On the ground inside Java, General Archibald Wavell, the commander of the ABDA Command, pondered his situation. The plan to pull the majority of Allied assets into Java after having committed relatively few to the defense of the other islands had looked good on paper, but now that it was done, his hand did not look so strong after all. The combined ABDA fleet had been essentially obliterated. ABDA airpower was scarcely more intact than the ABDA fleet, consisting mainly of battered remnants. The ABDA ground troops, which had been preserved for a last stand in Java, were comprised of brave men, but they were exhausted men who knew they were a match for the Japanese only in the remotest corners of the imagination. ABDA was no longer a cohesive Joint American–British–Dutch–Australian force, but the KNIL, with small contingents from the other armies attached. Wavell decided that the short-lived command should be deactivated, and that command of the Allied defense of Java should go to a Dutch general. He proposed this to Winston Churchill on February 21. Only two weeks had passed since the fall of Singapore.
“I am afraid that the defence of ABDA area has broken down, and that defence of Java cannot now last long,” a despondent Wavell wired Churchill.

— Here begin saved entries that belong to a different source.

lemma \<sigma>_prob_on_T: "borel_prob_on_T \<sigma>"
proof -
  interpret prob_space Coins by (rule prob_space_Coins)
  have "emeasure \<sigma> circleT = emeasure Coins (point -` circleT \<inter> space Coins)"
    unfolding \<sigma>_def circleT_def by (simp add: emeasure_distr)
  also have "point -` circleT \<inter> space Coins = space Coins"
    unfolding circleT_def by auto
  finally show ?thesis
    unfolding borel_prob_on_T_def \<sigma>_def using emeasure_space_1 by (simp add: prob_space_distr)
qed

text \<open>If \<open>N\<close> is an integer multiple of each weight \<open>d i\<close>, \<open>i \<le> k\<close>,
  the head of the phase disappears from \<open>point \<omega> ^ N\<close>; as \<open>\<bar>cis x - 1\<bar> \<le> \<bar>x\<bar>\<close>, the
  coefficient at \<open>N\<close> is then within \<open>2\<pi>N\<close> times the mean tail of 1.\<close>
lemma point_power:
  assumes int: "\<And>i. i \<le> k \<Longrightarrow> real N * d i \<in> \<int>"
  shows "point \<omega> ^ N = cis (2 * pi * (real N * tail {..k} \<omega>))"
proof -
  have "real N * head {..k} \<omega> = (\<Sum>i\<le>k. if \<omega> i then real N * d i else 0)"
    unfolding head_def digit_def sum_distrib_left by (rule sum.cong) auto
  also have "\<dots> \<in> \<int>" using int by (intro Ints_sum) auto
  finally have head_int: "real N * head {..k} \<omega> \<in> \<int>" .
  have "point \<omega> ^ N = cis (real N * (2 * pi * phase \<omega>))"
    unfolding point_def by (rule Complex.DeMoivre)
  also have "\<dots> = cis (2 * pi * (real N * tail {..k} \<omega>)) * cis (2 * pi * (real N * head {..k} \<omega>))"
    by (simp add: phase_split[of "{..k}"] cis_mult algebra_simps)
  finally show ?thesis using head_int by simp
qed

definition tail_mean :: "nat set \<Rightarrow> real" where
  "tail_mean J = (\<Sum>j. if j \<notin> J then d j * p j else 0)"

lemma weighted_prob_bounds: "0 \<le> d j * p j" "d j * p j \<le> d j"
  using d_pos[of j] p_nonneg[of j] p_half[of j] by (simp_all add: mult_left_le)

lemma integral_digit: "integral\<^sup>L Coins (\<lambda>\<omega>. digit \<omega> j) = d j * p j"
proof -
  have "(\<lambda>\<omega>. digit \<omega> j) = (\<lambda>\<omega>. d j * indicator {\<omega>. \<omega> j} \<omega>)"
    by (auto simp: digit_def indicator_def)
  then show ?thesis using prob_heads by simp
qed

lemma tail_integrable: "integrable Coins (tail J)"
  and integral_tail: "integral\<^sup>L Coins (tail J) = tail_mean J"
proof -
  interpret prob_space Coins by (rule prob_space_Coins)
  let ?f = "\<lambda>j \<omega>. if j \<notin> J then digit \<omega> j else 0"
  have bounds: "0 \<le> ?f j \<omega>" "?f j \<omega> \<le> d j" for j \<omega>
    using digit_bounds[of \<omega> j] d_pos[of j] by auto
  have integrable: "integrable Coins (?f j)" for j
    using bounds by (intro integrable_const_bound[where B="d j"]) auto
  have integral: "integral\<^sup>L Coins (?f j) = (if j \<notin> J then d j * p j else 0)" for j
    using integral_digit by simp
  have "\<bar>if j \<notin> J then d j * p j else 0\<bar> \<le> d j" for j
    using weighted_prob_bounds[of j] d_pos[of j] by auto
  then have "summable (\<lambda>j. if j \<notin> J then d j * p j else 0)"
    by (intro summable_dominated) simp
  moreover have "AE \<omega> in Coins. summable (\<lambda>j. norm (?f j \<omega>))"
    using bounds by (auto intro!: summable_dominated)
  ultimately have "integrable Coins (\<lambda>\<omega>. \<Sum>j. ?f j \<omega>)"
    "integral\<^sup>L Coins (\<lambda>\<omega>. \<Sum>j. ?f j \<omega>) = (\<Sum>j. integral\<^sup>L Coins (?f j))"
    using integrable_suminf[OF integrable] integral_suminf[OF integrable] bounds(1) integral
    by simp_all
  then show "integrable Coins (tail J)" "integral\<^sup>L Coins (tail J) = tail_mean J"
    unfolding tail_def[abs_def] tail_mean_def integral by simp_all
qed

lemma fourier_tail_bound:
  assumes int: "\<And>i. i \<le> k \<Longrightarrow> real N * d i \<in> \<int>"
  shows "cmod (fourier_coeff \<sigma> N - 1) \<le> 2 * pi * real N * tail_mean {..k}"
proof -
  interpret prob_space Coins by (rule prob_space_Coins)
  let ?g = "\<lambda>\<omega>. cis (2 * pi * (real N * tail {..k} \<omega>))"
  have g_measurable [measurable]: "?g \<in> borel_measurable Coins"
    unfolding cis_conv_exp by measurable
  have g_integrable: "integrable Coins ?g"
    by (intro integrable_const_bound[where B=1]) auto
  have "fourier_coeff \<sigma> N = integral\<^sup>L Coins (\<lambda>\<omega>. point \<omega> ^ N)"
    unfolding fourier_coeff_def \<sigma>_def by (rule integral_distr) auto
  also have "\<dots> = integral\<^sup>L Coins ?g" using point_power[OF int] by simp
  finally have "fourier_coeff \<sigma> N - 1 = integral\<^sup>L Coins (\<lambda>\<omega>. ?g \<omega> - 1)"
    using g_integrable prob_space by simp
  then have "cmod (fourier_coeff \<sigma> N - 1) \<le> integral\<^sup>L Coins (\<lambda>\<omega>. cmod (?g \<omega> - 1))"
    by simp
  also have "\<dots> \<le> integral\<^sup>L Coins (\<lambda>\<omega>. 2 * pi * real N * tail {..k} \<omega>)"
  proof (rule integral_mono)
    show "integrable Coins (\<lambda>\<omega>. cmod (?g \<omega> - 1))"
      using g_integrable by (intro integrable_norm integrable_diff) auto
    show "integrable Coins (\<lambda>\<omega>. 2 * pi * real N * tail {..k} \<omega>)"
      using tail_integrable by simp
    fix \<omega>
    have "0 \<le> tail {..k} \<omega>"
      unfolding tail_def using digit_bounds[of \<omega>] less_imp_le[OF d_pos]
      by (intro suminf_nonneg summable_dominated) auto
    then show "cmod (?g \<omega> - 1) \<le> 2 * pi * real N * tail {..k} \<omega>"
      using iexp_approx1[of "2 * pi * (real N * tail {..k} \<omega>)" 0]
      by (simp add: cis_conv_exp abs_mult mult.assoc)
  qed
  also have "\<dots> = 2 * pi * real N * tail_mean {..k}"
    using integral_tail by simp
  finally show ?thesis .
qed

It always hinged on the air battle … Anything put into Java now can do little to prolong the struggle; it is more [a] question of what you will choose to save … I see little further usefulness for this HQ. Last about myself. I am, as ever, entirely willing to do my best where you think best to send me. I have failed you and President [Roosevelt] here, where a better man might perhaps have succeeded. If you fancy I can best serve by returning to India I will of course do so … I hate the idea of leaving these stout-hearted Dutchmen, and will remain here and fight it out with them as long as possible if you consider this would help at all. Good wishes. I am afraid you are having [a] very difficult period, but I know your courage will shine through it.
The following day, the prime minister wrote back, telling Wavell, “When you cease to command the ABDA area you should proceed yourself to India, where we require you to resume your position as Commander-in-Chief to carry on the war against Japan from this main base.” In The Hinge of Fate, the fourth volume of his wartime memoirs, Churchill observed that “I admired the composure and firmness of mind with which Wavell had faced the cataract of disaster which had been assigned to him with so much formality and precision.”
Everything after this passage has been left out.